(TASK TO CARRY OUT) With "forall" as the search word, show every line of the material that has it.

(DATA UNDER STUDY)
[Start of section]
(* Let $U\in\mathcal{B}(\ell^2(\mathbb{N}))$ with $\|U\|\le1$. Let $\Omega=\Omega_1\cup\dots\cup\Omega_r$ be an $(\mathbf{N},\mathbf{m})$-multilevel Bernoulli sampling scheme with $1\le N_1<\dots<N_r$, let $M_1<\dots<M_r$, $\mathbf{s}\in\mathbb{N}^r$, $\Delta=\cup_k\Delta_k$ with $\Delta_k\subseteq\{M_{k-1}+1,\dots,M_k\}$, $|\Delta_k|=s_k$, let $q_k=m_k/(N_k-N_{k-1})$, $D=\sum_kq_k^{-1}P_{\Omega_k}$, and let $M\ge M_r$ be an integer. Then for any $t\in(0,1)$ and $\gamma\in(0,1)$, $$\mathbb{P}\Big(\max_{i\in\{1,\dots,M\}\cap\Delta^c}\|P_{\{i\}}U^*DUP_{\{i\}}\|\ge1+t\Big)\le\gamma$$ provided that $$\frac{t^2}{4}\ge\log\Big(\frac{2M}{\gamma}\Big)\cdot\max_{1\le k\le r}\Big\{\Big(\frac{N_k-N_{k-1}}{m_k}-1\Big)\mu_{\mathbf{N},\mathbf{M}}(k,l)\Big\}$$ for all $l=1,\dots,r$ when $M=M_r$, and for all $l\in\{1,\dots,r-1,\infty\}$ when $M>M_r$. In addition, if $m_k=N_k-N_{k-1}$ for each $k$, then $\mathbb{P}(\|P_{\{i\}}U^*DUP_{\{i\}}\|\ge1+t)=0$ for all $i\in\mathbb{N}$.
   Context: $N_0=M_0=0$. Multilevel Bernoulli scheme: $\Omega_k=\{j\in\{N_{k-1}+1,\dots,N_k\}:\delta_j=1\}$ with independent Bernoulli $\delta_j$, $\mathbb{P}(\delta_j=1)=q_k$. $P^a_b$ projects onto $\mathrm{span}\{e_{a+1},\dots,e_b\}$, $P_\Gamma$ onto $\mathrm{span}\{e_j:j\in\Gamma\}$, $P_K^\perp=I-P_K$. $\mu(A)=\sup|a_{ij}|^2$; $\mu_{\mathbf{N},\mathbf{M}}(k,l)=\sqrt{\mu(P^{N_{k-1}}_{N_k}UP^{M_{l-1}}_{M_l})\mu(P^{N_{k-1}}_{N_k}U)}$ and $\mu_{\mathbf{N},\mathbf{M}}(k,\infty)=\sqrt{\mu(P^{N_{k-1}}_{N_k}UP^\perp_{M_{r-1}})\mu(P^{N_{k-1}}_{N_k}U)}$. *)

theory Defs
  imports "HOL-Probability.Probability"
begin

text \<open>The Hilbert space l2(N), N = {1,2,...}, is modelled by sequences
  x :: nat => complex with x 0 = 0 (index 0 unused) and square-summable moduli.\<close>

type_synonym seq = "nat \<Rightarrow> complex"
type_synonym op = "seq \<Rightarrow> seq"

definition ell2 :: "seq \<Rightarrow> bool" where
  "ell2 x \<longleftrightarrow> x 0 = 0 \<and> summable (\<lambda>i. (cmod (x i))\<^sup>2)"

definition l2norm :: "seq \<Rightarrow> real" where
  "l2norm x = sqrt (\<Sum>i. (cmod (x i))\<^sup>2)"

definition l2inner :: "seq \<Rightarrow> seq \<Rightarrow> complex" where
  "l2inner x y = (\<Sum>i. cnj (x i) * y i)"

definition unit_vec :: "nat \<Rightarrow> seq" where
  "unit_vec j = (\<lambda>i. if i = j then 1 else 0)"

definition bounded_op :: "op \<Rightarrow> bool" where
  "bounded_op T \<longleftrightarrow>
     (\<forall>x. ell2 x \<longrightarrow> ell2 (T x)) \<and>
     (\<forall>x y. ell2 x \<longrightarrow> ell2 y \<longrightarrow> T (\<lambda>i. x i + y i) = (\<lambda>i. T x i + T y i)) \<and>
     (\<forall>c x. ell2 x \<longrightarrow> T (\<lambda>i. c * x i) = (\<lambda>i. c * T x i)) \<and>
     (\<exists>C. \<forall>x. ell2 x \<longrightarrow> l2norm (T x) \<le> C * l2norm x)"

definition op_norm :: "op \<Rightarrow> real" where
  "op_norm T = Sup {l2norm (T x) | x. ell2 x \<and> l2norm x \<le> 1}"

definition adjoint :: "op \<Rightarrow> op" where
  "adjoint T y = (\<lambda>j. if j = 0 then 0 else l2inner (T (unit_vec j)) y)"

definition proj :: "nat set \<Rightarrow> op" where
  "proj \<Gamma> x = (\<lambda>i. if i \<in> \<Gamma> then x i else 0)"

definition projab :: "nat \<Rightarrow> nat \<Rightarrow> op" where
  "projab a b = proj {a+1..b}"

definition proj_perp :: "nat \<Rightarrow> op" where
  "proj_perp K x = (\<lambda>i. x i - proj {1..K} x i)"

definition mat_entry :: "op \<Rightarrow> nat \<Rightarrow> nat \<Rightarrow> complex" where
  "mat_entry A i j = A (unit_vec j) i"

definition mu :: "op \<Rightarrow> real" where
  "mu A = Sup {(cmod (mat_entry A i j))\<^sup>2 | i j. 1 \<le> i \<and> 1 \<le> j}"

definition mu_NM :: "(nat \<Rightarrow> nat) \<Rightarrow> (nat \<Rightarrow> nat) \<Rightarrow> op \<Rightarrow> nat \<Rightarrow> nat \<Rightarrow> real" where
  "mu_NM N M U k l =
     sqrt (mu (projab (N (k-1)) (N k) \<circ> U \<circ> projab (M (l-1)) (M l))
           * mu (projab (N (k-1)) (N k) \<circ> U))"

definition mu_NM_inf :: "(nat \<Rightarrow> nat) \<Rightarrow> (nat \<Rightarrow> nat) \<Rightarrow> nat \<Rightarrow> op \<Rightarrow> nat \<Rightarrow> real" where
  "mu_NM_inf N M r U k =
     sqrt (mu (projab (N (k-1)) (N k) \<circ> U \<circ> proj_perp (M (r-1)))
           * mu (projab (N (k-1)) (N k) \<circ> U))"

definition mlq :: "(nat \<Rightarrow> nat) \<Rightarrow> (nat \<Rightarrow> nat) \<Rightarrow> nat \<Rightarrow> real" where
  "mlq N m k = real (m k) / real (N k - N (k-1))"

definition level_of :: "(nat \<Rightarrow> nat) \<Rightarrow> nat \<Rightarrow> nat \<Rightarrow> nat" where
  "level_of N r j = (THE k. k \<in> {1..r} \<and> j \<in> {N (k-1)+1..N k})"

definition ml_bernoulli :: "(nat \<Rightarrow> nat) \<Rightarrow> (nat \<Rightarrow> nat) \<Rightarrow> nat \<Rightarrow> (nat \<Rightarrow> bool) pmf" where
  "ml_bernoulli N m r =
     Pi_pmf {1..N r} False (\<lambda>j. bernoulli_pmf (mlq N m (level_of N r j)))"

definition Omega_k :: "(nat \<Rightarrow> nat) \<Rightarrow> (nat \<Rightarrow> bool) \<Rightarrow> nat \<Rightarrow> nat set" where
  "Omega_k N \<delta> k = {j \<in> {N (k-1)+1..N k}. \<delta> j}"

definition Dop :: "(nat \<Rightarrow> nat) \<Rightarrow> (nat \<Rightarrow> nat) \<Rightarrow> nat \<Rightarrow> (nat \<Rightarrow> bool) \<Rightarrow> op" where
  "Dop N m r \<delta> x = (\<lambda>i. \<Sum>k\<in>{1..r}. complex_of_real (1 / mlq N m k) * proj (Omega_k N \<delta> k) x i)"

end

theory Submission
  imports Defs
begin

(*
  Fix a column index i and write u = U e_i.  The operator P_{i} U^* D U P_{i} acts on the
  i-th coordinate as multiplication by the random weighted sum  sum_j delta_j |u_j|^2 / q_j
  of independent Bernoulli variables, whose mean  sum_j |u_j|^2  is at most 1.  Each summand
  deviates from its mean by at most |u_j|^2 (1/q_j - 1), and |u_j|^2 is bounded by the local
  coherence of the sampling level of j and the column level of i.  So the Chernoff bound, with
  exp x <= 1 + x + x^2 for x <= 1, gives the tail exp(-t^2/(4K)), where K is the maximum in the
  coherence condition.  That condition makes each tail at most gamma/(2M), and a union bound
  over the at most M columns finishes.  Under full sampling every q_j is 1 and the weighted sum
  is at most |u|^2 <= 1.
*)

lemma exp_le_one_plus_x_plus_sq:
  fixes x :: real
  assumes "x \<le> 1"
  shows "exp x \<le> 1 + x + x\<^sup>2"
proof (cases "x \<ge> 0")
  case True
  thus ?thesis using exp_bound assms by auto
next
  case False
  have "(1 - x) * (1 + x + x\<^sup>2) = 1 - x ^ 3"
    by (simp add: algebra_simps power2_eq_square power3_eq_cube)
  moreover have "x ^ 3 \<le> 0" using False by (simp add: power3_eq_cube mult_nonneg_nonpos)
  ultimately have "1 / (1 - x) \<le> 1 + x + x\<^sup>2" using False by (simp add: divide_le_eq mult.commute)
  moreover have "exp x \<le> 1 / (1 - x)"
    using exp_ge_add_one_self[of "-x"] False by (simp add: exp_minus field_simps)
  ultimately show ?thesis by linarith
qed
[End of section]
[Start of section]
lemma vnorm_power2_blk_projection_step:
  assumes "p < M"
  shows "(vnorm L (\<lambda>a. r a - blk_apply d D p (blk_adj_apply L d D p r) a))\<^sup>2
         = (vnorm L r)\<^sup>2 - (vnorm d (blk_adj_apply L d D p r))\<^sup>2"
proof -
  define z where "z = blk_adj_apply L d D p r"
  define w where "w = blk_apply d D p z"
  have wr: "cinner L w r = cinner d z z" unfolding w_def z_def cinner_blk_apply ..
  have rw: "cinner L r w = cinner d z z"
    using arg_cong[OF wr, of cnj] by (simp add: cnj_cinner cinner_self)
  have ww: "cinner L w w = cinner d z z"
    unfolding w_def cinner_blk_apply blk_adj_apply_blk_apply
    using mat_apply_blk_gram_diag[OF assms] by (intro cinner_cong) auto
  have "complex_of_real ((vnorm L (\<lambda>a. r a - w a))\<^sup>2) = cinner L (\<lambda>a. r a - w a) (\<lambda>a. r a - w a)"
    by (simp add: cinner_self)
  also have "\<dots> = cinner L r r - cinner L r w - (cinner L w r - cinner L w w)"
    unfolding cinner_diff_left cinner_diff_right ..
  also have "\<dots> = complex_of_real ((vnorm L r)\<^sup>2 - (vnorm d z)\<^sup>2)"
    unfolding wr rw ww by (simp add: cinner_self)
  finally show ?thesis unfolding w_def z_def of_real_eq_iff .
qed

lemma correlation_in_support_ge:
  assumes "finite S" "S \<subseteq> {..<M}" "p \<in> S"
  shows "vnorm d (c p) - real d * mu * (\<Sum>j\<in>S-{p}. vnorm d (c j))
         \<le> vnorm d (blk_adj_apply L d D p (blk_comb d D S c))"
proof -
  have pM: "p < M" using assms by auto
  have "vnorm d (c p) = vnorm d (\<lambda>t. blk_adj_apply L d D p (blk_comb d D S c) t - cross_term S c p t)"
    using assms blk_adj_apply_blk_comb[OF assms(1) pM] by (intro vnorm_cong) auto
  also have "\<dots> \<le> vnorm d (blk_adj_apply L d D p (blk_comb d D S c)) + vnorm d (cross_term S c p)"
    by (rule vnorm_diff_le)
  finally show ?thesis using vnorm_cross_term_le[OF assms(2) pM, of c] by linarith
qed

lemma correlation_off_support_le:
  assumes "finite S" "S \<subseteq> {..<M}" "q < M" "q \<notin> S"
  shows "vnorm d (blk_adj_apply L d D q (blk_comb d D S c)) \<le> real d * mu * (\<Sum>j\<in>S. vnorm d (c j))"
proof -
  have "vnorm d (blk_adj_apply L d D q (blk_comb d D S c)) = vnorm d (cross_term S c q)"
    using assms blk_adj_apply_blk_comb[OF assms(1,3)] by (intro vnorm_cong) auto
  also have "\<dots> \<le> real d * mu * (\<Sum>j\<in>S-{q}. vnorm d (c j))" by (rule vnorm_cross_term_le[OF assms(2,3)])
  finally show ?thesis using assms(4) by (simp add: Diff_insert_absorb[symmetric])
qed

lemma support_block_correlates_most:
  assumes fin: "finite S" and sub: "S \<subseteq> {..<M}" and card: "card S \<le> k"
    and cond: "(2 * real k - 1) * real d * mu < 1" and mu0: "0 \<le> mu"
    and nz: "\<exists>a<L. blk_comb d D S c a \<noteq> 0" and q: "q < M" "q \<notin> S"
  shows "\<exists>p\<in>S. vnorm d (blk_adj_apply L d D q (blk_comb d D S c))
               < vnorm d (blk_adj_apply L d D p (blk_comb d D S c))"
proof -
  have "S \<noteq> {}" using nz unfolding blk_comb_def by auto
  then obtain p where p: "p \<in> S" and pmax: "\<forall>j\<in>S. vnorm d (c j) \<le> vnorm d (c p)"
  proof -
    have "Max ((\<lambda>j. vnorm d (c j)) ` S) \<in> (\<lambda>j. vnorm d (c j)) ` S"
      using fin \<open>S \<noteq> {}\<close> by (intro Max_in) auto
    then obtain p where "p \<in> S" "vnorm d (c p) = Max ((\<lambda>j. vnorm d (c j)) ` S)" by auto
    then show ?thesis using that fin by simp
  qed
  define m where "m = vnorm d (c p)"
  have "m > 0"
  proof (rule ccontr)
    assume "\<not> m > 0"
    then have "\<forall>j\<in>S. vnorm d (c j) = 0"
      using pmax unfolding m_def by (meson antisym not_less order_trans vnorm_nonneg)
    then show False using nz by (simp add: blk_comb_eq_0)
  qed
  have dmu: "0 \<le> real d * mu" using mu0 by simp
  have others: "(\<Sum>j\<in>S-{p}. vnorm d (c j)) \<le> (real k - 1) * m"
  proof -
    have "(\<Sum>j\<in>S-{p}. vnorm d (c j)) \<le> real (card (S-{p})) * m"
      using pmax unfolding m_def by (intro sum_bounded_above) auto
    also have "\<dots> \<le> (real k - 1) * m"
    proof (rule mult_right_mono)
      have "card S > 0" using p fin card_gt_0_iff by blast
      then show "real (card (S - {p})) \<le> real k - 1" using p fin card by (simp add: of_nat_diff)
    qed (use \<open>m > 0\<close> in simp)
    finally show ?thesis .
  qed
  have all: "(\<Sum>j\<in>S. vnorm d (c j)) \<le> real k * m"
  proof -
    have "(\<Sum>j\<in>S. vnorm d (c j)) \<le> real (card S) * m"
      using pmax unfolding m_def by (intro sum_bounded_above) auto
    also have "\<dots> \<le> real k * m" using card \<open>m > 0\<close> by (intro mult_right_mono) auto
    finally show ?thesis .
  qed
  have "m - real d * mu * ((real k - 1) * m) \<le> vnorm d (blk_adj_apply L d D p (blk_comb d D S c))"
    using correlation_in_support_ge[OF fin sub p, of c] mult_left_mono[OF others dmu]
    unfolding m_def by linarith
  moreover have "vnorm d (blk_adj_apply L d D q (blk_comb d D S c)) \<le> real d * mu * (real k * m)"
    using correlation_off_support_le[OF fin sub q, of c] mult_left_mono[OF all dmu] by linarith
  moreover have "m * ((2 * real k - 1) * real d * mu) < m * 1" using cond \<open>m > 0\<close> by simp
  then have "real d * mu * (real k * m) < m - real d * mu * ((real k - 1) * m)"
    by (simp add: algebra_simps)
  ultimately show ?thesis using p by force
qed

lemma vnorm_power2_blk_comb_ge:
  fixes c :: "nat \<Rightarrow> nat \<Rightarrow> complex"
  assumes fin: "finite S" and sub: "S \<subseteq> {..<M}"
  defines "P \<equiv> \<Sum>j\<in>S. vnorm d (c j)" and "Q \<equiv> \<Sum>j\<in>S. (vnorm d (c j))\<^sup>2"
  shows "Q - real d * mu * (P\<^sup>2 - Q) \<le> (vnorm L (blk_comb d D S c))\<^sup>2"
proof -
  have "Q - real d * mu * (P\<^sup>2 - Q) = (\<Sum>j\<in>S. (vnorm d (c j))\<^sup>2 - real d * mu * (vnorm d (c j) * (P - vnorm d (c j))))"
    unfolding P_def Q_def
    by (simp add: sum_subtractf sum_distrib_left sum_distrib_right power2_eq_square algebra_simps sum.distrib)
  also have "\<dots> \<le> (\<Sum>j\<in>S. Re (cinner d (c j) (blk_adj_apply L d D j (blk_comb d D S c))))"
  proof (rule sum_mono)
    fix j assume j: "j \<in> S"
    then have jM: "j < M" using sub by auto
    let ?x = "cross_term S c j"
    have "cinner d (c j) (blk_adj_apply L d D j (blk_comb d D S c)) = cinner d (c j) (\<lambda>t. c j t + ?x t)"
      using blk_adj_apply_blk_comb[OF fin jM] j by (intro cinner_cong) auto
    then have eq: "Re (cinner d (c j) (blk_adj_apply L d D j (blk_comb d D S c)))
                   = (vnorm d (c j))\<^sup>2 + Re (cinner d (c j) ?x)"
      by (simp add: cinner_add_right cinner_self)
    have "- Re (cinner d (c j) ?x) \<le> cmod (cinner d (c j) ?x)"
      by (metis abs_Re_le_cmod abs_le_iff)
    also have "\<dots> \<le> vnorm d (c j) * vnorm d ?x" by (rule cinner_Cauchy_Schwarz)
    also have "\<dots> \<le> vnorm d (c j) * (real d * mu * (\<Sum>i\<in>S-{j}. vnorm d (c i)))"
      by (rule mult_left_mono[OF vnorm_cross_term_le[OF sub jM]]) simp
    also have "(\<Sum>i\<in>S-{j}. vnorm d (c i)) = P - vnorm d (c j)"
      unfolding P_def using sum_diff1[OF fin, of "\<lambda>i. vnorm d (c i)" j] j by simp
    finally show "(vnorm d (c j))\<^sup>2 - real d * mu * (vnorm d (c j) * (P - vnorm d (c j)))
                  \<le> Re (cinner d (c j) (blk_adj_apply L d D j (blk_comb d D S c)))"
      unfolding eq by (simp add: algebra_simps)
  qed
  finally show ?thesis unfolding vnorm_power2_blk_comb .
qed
[End of section]
(YOUR RESPONSE)
     (\<forall>x. ell2 x \<longrightarrow> ell2 (T x)) \<and>
     (\<forall>x y. ell2 x \<longrightarrow> ell2 y \<longrightarrow> T (\<lambda>i. x i + y i) = (\<lambda>i. T x i + T y i)) \<and>
     (\<forall>c x. ell2 x \<longrightarrow> T (\<lambda>i. c * x i) = (\<lambda>i. c * T x i)) \<and>
     (\<exists>C. \<forall>x. ell2 x \<longrightarrow> l2norm (T x) \<le> C * l2norm x)"
  then obtain p where p: "p \<in> S" and pmax: "\<forall>j\<in>S. vnorm d (c j) \<le> vnorm d (c p)"
    then have "\<forall>j\<in>S. vnorm d (c j) = 0"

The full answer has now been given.